» **Data supplied**:
lemma ex_spectrum_near_if_char_poly_small:
  fixes Y :: "complex mat"
  assumes Y: "Y \<in> carrier_mat n n" and "n > 0" and "norm (poly (char_poly Y) z) \<le> \<delta>"
  shows "\<exists>a \<in> spectrum Y. norm (z - a) \<le> root n \<delta>"
proof -
  obtain as where as: "char_poly Y = (\<Prod>a\<leftarrow>as. [:- a, 1:])" "length as = n"
    using char_poly_factorized[OF Y] by auto
  have poly_Y: "poly (char_poly Y) w = (\<Prod>a\<leftarrow>as. w - a)" for w
    unfolding as(1) poly_prod_list by (simp add: o_def)
  obtain a where a: "a \<in> set as" "norm (z - a) \<le> root n \<delta>"
    using ex_factor_norm_le_root[of as z] assms(2,3) as(2) unfolding poly_Y by auto
  then have "poly (char_poly Y) a = 0"
    unfolding poly_Y by (induction as) auto
  with a(2) show ?thesis
    using spectrum_root_char_poly[OF Y] by auto
qed

lemma spectral_radius_le_perturbed:
  fixes X Y :: "complex mat"
  assumes X: "X \<in> carrier_mat n n" and Y: "Y \<in> carrier_mat n n" and "n > 0" "M \<ge> 0" "e \<ge> 0"
    and bounds: "\<And>p q. p < n \<Longrightarrow> q < n \<Longrightarrow>
      norm (X $$ (p,q)) \<le> M \<and> norm (Y $$ (p,q)) \<le> M \<and> norm (X $$ (p,q) - Y $$ (p,q)) \<le> e"
  shows "spectral_radius X \<le> spectral_radius Y + root n (fact n * (real n * (1 + real n * M + M) ^ n * e))"
proof -
  obtain z where z: "z \<in> spectrum X" "norm z = spectral_radius X"
    using spectral_radius_mem_max(1)[OF X \<open>n > 0\<close>] by auto
  then have "eigenvalue X z"
    unfolding spectrum_def by simp
  then have "norm z \<le> real n * M" and "poly (char_poly X) z = 0"
    using eigenvalue_norm_le[OF X] bounds eigenvalue_root_char_poly[OF X] by auto
  define \<delta> where "\<delta> = fact n * (real n * (1 + real n * M + M) ^ n * e)"
  have "norm (poly (char_poly X) z - poly (char_poly Y) z) \<le> \<delta>"
    unfolding \<delta>_def by (rule norm_poly_char_poly_diff_le[OF X Y \<open>M \<ge> 0\<close> \<open>e \<ge> 0\<close> _ bounds])
      (use \<open>norm z \<le> real n * M\<close> in simp)
  with \<open>poly (char_poly X) z = 0\<close> have "norm (poly (char_poly Y) z) \<le> \<delta>"
    by (simp add: norm_minus_commute)
  then obtain a where "a \<in> spectrum Y" "norm (z - a) \<le> root n \<delta>"
    using ex_spectrum_near_if_char_poly_small[OF Y \<open>n > 0\<close>] by blast
  moreover have "norm z \<le> norm a + norm (z - a)"
    by (metis norm_triangle_sub add.commute)
  ultimately show ?thesis
    using z(2) spectral_radius_mem_max(2)[OF Y \<open>n > 0\<close>] unfolding \<delta>_def by fastforce
qed

section \<open>Entrywise limits of matrices\<close>

definition mat_tendsto :: "('b \<Rightarrow> 'a :: topological_space mat) \<Rightarrow> 'a mat \<Rightarrow> 'b filter \<Rightarrow> bool" where
  "mat_tendsto f A F \<longleftrightarrow> (\<forall>\<^sub>F t in F. f t \<in> carrier_mat (dim_row A) (dim_col A)) \<and>
     (\<forall>p < dim_row A. \<forall>q < dim_col A. ((\<lambda>t. f t $$ (p,q)) \<longlongrightarrow> A $$ (p,q)) F)"

lemma mat_tendsto_const: "mat_tendsto (\<lambda>_. A) A F"
  unfolding mat_tendsto_def by auto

» **Directions**:
Would you please repeat all the entries exactly as written?

» **Completed exercise**:
lemma ex_spectrum_near_if_char_poly_small:
  fixes Y :: "complex mat"
  assumes Y: "Y \<in> carrier_mat n n" and "n > 0" and "norm (poly (char_poly Y) z) \<le> \<delta>"
  shows "\<exists>a \<in> spectrum Y. norm (z - a) \<le> root n \<delta>"
proof -
  obtain as where as: "char_poly Y = (\<Prod>a\<leftarrow>as. [:- a, 1:])" "length as = n"
    using char_poly_factorized[OF Y] by auto
  have poly_Y: "poly (char_poly Y) w = (\<Prod>a\<leftarrow>as. w - a)" for w
    unfolding as(1) poly_prod_list by (simp add: o_def)
  obtain a where a: "a \<in> set as" "norm (z - a) \<le> root n \<delta>"
    using ex_factor_norm_le_root[of as z] assms(2,3) as(2) unfolding poly_Y by auto
  then have "poly (char_poly Y) a = 0"
    unfolding poly_Y by (induction as) auto
  with a(2) show ?thesis
    using spectrum_root_char_poly[OF Y] by auto
qed

lemma spectral_radius_le_perturbed:
  fixes X Y :: "complex mat"
  assumes X: "X \<in> carrier_mat n n" and Y: "Y \<in> carrier_mat n n" and "n > 0" "M \<ge> 0" "e \<ge> 0"
    and bounds: "\<And>p q. p < n \<Longrightarrow> q < n \<Longrightarrow>
      norm (X $$ (p,q)) \<le> M \<and> norm (Y $$ (p,q)) \<le> M \<and> norm (X $$ (p,q) - Y $$ (p,q)) \<le> e"
  shows "spectral_radius X \<le> spectral_radius Y + root n (fact n * (real n * (1 + real n * M + M) ^ n * e))"
proof -
  obtain z where z: "z \<in> spectrum X" "norm z = spectral_radius X"
    using spectral_radius_mem_max(1)[OF X \<open>n > 0\<close>] by auto
  then have "eigenvalue X z"
    unfolding spectrum_def by simp
  then have "norm z \<le> real n * M" and "poly (char_poly X) z = 0"
    using eigenvalue_norm_le[OF X] bounds eigenvalue_root_char_poly[OF X] by auto
  define \<delta> where "\<delta> = fact n * (real n * (1 + real n * M + M) ^ n * e)"
  have "norm (poly (char_poly X) z - poly (char_poly Y) z) \<le> \<delta>"
    unfolding \<delta>_def by (rule norm_poly_char_poly_diff_le[OF X Y \<open>M \<ge> 0\<close> \<open>e \<ge> 0\<close> _ bounds])
      (use \<open>norm z \<le> real n * M\<close> in simp)
  with \<open>poly (char_poly X) z = 0\<close> have "norm (poly (char_poly Y) z) \<le> \<delta>"
    by (simp add: norm_minus_commute)
  then obtain a where "a \<in> spectrum Y" "norm (z - a) \<le> root n \<delta>"
    using ex_spectrum_near_if_char_poly_small[OF Y \<open>n > 0\<close>] by blast
  moreover have "norm z \<le> norm a + norm (z - a)"
    by (metis norm_triangle_sub add.commute)
  ultimately show ?thesis
    using z(2) spectral_radius_mem_max(2)[OF Y \<open>n > 0\<close>] unfolding \<delta>_def by fastforce
qed

section \<open>Entrywise limits of matrices\<close>

definition mat_tendsto :: "('b \<Rightarrow> 'a :: topological_space mat) \<Rightarrow> 'a mat \<Rightarrow> 'b filter \<Rightarrow> bool" where
  "mat_tendsto f A F \<longleftrightarrow> (\<forall>\<^sub>F t in F. f t \<in> carrier_mat (dim_row A) (dim_col A)) \<and>
     (\<forall>p < dim_row A. \<forall>q < dim_col A. ((\<lambda>t. f t $$ (p,q)) \<longlongrightarrow> A $$ (p,q)) F)"

lemma mat_tendsto_const: "mat_tendsto (\<lambda>_. A) A F"
  unfolding mat_tendsto_def by auto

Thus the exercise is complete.